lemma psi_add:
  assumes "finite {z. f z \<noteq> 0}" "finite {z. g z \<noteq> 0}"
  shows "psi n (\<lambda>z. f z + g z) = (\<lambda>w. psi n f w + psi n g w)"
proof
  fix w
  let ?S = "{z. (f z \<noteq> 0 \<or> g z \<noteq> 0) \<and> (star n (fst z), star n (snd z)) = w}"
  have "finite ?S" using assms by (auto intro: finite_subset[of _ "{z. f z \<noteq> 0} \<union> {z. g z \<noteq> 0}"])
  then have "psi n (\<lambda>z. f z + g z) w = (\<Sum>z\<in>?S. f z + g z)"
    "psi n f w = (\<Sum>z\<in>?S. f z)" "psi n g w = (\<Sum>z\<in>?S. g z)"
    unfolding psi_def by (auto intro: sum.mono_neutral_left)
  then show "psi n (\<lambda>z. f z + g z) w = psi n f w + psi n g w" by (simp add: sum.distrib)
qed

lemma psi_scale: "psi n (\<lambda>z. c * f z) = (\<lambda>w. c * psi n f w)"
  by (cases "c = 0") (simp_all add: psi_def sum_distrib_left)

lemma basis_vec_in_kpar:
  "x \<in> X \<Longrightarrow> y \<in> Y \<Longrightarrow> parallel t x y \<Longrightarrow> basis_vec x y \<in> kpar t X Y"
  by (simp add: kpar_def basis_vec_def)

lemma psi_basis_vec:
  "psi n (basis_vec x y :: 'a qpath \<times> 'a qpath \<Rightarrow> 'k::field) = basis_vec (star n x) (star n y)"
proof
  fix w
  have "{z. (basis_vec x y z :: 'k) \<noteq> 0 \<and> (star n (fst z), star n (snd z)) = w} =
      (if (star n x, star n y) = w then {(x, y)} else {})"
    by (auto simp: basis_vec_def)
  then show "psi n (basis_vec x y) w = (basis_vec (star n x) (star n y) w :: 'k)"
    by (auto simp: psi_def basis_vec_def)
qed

-- To do --
Give the records above again, word for word.

-- Task output --
lemma psi_add:
  assumes "finite {z. f z \<noteq> 0}" "finite {z. g z \<noteq> 0}"
  shows "psi n (\<lambda>z. f z + g z) = (\<lambda>w. psi n f w + psi n g w)"
proof
  fix w
  let ?S = "{z. (f z \<noteq> 0 \<or> g z \<noteq> 0) \<and> (star n (fst z), star n (snd z)) = w}"
  have "finite ?S" using assms by (auto intro: finite_subset[of _ "{z. f z \<noteq> 0} \<union> {z. g z \<noteq> 0}"])
  then have "psi n (\<lambda>z. f z + g z) w = (\<Sum>z\<in>?S. f z + g z)"
    "psi n f w = (\<Sum>z\<in>?S. f z)" "psi n g w = (\<Sum>z\<in>?S. g z)"
    unfolding psi_def by (auto intro: sum.mono_neutral_left)
  then show "psi n (\<lambda>z. f z + g z) w = psi n f w + psi n g w" by (simp add: sum.distrib)
qed

lemma psi_scale: "psi n (\<lambda>z. c * f z) = (\<lambda>w. c * psi n f w)"
  by (cases "c = 0") (simp_all add: psi_def sum_distrib_left)

lemma basis_vec_in_kpar:
  "x \<in> X \<Longrightarrow> y \<in> Y \<Longrightarrow> parallel t x y \<Longrightarrow> basis_vec x y \<in> kpar t X Y"
  by (simp add: kpar_def basis_vec_def)

lemma psi_basis_vec:
  "psi n (basis_vec x y :: 'a qpath \<times> 'a qpath \<Rightarrow> 'k::field) = basis_vec (star n x) (star n y)"
proof
  fix w
  have "{z. (basis_vec x y z :: 'k) \<noteq> 0 \<and> (star n (fst z), star n (snd z)) = w} =
      (if (star n x, star n y) = w then {(x, y)} else {})"
    by (auto simp: basis_vec_def)
  then show "psi n (basis_vec x y) w = (basis_vec (star n x) (star n y) w :: 'k)"
    by (auto simp: psi_def basis_vec_def)
qed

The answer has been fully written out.